Ontelly

Coast - Series 4 - Rosyth to Hull

Logo for Coast - Series 4 - Rosyth to Hull

On the final leg of his journey, Neil Oliver visits the bustling port of Rosyth to explore the staggering scale of Britain's global sea trade, now worth 340 billion pounds a year. Neil also recreates a legendary 'lifeboat drag' from nearly a 150 years ago at the village of Cullercoats. It's claimed the women of the village dragged a heavy wooden lifeboat for miles over a headland to save a stricken ship in a mighty storm. Neil challenges the local lassies of today to live up to the reputation of their great grannies. Miranda Krestovnikoff is the first Coast presenter to land on the Bass Rock, a stunning seabird paradise described by Sir David Attenborough as 'one of the wildlife wonders of the world', but one which is made near-inaccessible by a combination of tide and weather. Miranda joins a team trying to film the underwater action of diving gannets, which hit the water at up to 60mph.

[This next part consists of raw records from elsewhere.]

lemma continuous_extension_clamp:
  fixes xi dxi :: "real \<Rightarrow> real"
  assumes "\<And>s. s \<in> {s1..s2} \<Longrightarrow> (xi has_real_derivative dxi s) (at s within {s1..s2})" "s1 \<le> s2"
  obtains xc where "continuous_on UNIV xc" "\<And>s. s \<in> {s1..s2} \<Longrightarrow> xc s = xi s"
    "\<And>s. \<exists>s'\<in>{s1..s2}. xc s = xi s'"
    "\<And>s. s \<in> {s1..s2} \<Longrightarrow> (xc has_real_derivative dxi s) (at s within {s1..s2})"
proof
  define xc where "xc s = xi (max s1 (min s2 s))" for s
  show xc_eq: "xc s = xi s" if "s \<in> {s1..s2}" for s
    using that by (simp add: xc_def)
  show "\<exists>s'\<in>{s1..s2}. xc s = xi s'" for s
    using assms(2) by (auto simp: xc_def)
  have "continuous_on {s1..s2} xi"
    using DERIV_continuous[OF assms(1)] by (simp add: continuous_on_eq_continuous_within)
  moreover have "continuous_on UNIV (\<lambda>s. max s1 (min s2 s))" by (intro continuous_intros)
  ultimately show "continuous_on UNIV xc"
    unfolding xc_def[abs_def] by (rule continuous_on_compose2) (use assms(2) in auto)
  show "(xc has_real_derivative dxi s) (at s within {s1..s2})" if "s \<in> {s1..s2}" for s
    by (rule has_field_derivative_transform_within[OF assms(1)[OF that] zero_less_one that])
      (simp add: xc_eq)
qed

lemma cutoff_entropy_bump_integral:
  fixes u v vx :: "real \<times> real \<Rightarrow> real" and xi dxi :: "real \<Rightarrow> real"
  assumes phi: "cubic_type phi b c" and reg: "Linf_Q T u" "weak_regularity T v vx"
    and phase1: "AE p in lborel. p \<in> V1 T xi \<longrightarrow> v p \<in> {phi c..phi b} \<and> u p = beta0 phi b c (v p)"
    and phase2: "AE p in lborel. p \<in> V2 T xi \<longrightarrow> phi c \<le> v p \<and> u p = beta2 phi c (v p)"
    and G: "continuous_on UNIV G" "G 0 = 0"
      "\<And>w. w \<in> {b..c} \<Longrightarrow> m \<le> phi w \<Longrightarrow> G w = Gl" "\<And>w. c \<le> w \<Longrightarrow> m \<le> phi w \<Longrightarrow> G w = Gr"
    and dxi: "\<And>t. t \<in> {0<..<T} \<Longrightarrow> (xi has_real_derivative dxi t) (at t)" "continuous_on {0..T} dxi"
    and box: "0 < s1" "s1 < s2" "s2 < T" "\<And>s. s \<in> {s1..s2} \<Longrightarrow> xi s \<in> {a1<..<a2}"
    and above: "\<And>x s. x \<in> {a1..a2} \<Longrightarrow> s \<in> {s1..s2} \<Longrightarrow> x \<noteq> xi s \<Longrightarrow> m < v (x, s)"
  shows "(\<integral>p. indicator (Q T) p * (G (u p) * (bump a1 a2 (fst p) * deriv (bump s1 s2) (snd p))
      - entropy_cutoff m (v p) * vx p * (deriv (bump a1 a2) (fst p) * bump s1 s2 (snd p))
      - entropy_cutoff_deriv m (v p) * (vx p)\<^sup>2 * (bump a1 a2 (fst p) * bump s1 s2 (snd p))) \<partial>lborel)
    = (Gr - Gl) * (LBINT s=s1..s2. bump s1 s2 s * (bump a1 a2 (xi s) * dxi s))"
    (is "integral\<^sup>L lborel ?F = _")
proof -
  define psi where "psi p = bump a1 a2 (fst p) * bump s1 s2 (snd p)" for p :: "real \<times> real"
  define psix where "psix p = deriv (bump a1 a2) (fst p) * bump s1 s2 (snd p)" for p :: "real \<times> real"
  define psit where "psit p = bump a1 a2 (fst p) * deriv (bump s1 s2) (snd p)" for p :: "real \<times> real"
  have "continuous_on UNIV psi" "continuous_on UNIV psix" "continuous_on UNIV psit"
    unfolding psi_def[abs_def] psix_def[abs_def] psit_def[abs_def]
    by (intro continuous_on_mult continuous_on_compose_fst continuous_on_compose_snd
        smooth_fun_continuous smooth_fun_deriv smooth_fun_bump)+
  then have psi_meas: "psi \<in> borel_measurable lborel" "psix \<in> borel_measurable lborel"
    "psit \<in> borel_measurable lborel"
    by (simp_all add: borel_measurable_continuous_onI)
  have xi_deriv: "(xi has_real_derivative dxi s) (at s within {s1..s2})" if "s \<in> {s1..s2}" for s
    using that box by (intro has_field_derivative_at_within[OF dxi(1)]) auto
  obtain xc where xc: "continuous_on UNIV xc" "\<And>s. s \<in> {s1..s2} \<Longrightarrow> xc s = xi s"
    "\<And>s. \<exists>s'\<in>{s1..s2}. xc s = xi s'"
    "\<And>s. s \<in> {s1..s2} \<Longrightarrow> (xc has_real_derivative dxi s) (at s within {s1..s2})"
    by (rule continuous_extension_clamp[OF xi_deriv less_imp_le[OF box(2)]]) (assumption, rule that)
  define H where "H p = (Gl + (Gr - Gl) * indicator {p. xc (snd p) < fst p} p) * psit p" for p
  have "psi p = 0 \<and> psix p = 0 \<and> psit p = 0" if "p \<notin> {a1<..<a2} \<times> {s1<..<s2}" for p
    using that by (cases p) (auto simp: psi_def psix_def psit_def bump_eq_0 deriv_bump_eq_0)
  then have "AE p in lborel. ?F p = H p"
    unfolding psi_def[symmetric] psix_def[symmetric] psit_def[symmetric] H_def
    by (intro cutoff_entropy_integrand_ae_eq[OF phi phase1 phase2 G(3,4) box(1,3) xc(1,2) above]) auto
  moreover have "?F \<in> borel_measurable lborel"
    unfolding psi_def[symmetric] psix_def[symmetric] psit_def[symmetric]
    by (intro entropy_integrand_measurable[OF reg G(1,2)] psi_meas continuous_on_entropy_cutoff_deriv
        continuous_on_entropy_cutoff_comp[OF continuous_on_id])
  moreover have "open {p :: real \<times> real. xc (snd p) < fst p}"
    by (intro open_Collect_less continuous_on_compose_snd xc(1) continuous_intros)
  then have "H \<in> borel_measurable lborel"
    unfolding H_def[abs_def]
    by (intro borel_measurable_times borel_measurable_add borel_measurable_const
        borel_measurable_indicator psi_meas(3)) simp
  ultimately have "integral\<^sup>L lborel ?F = integral\<^sup>L lborel H"
    by (intro integral_cong_AE)
  also have "\<dots> = (Gr - Gl) * (LBINT s=s1..s2. bump s1 s2 s * (bump a1 a2 (xc s) * dxi s))"
    unfolding H_def[abs_def] psit_def
  proof (rule integral_interface_jump[OF smooth_fun_continuous[OF smooth_fun_bump] _
        smooth_fun_has_derivative[OF smooth_fun_bump]
        smooth_fun_continuous[OF smooth_fun_deriv[OF smooth_fun_bump]] _ xc(1) _ xc(4)])
    show "a1 < xc s \<and> xc s < a2" for s using xc(3)[of s] box(4) by fastforce
  qed (use box continuous_on_subset[OF dxi(2)] in \<open>auto simp: bump_eq_0 deriv_bump_eq_0\<close>)
  also have "(LBINT s=s1..s2. bump s1 s2 s * (bump a1 a2 (xc s) * dxi s))
      = (LBINT s=s1..s2. bump s1 s2 s * (bump a1 a2 (xi s) * dxi s))"
    using box(2) by (intro interval_integral_cong) (auto simp: xc(2) einterval_def)
  finally show ?thesis .
qed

Mark Horton is on the holy island of Lindisfarne, reliving the first Viking raid on British shores in June 793AD. He discovers how the marauding Norsemen galvanised the warring Anglo-Saxon kingdoms into coming together and forming the English nation. Mark also goes in search of the remains of the 'Town That Never Was' a grand Edwardian seaside resort, intended to rival Whitby and Scarborough. Construction began in a blaze of publicity in the dramatic coastal setting of Ravenscar, but why was the town never finished? And Dick Strawbridge meets the men and women who used to work as skilled riveters, building the mighty vessels for which the North East's shipyards were famed. Their hard-won skills were eventually made redundant by the 'Liberty Ships' from across the Atlantic, built quickly and cheaply using American mass production methods.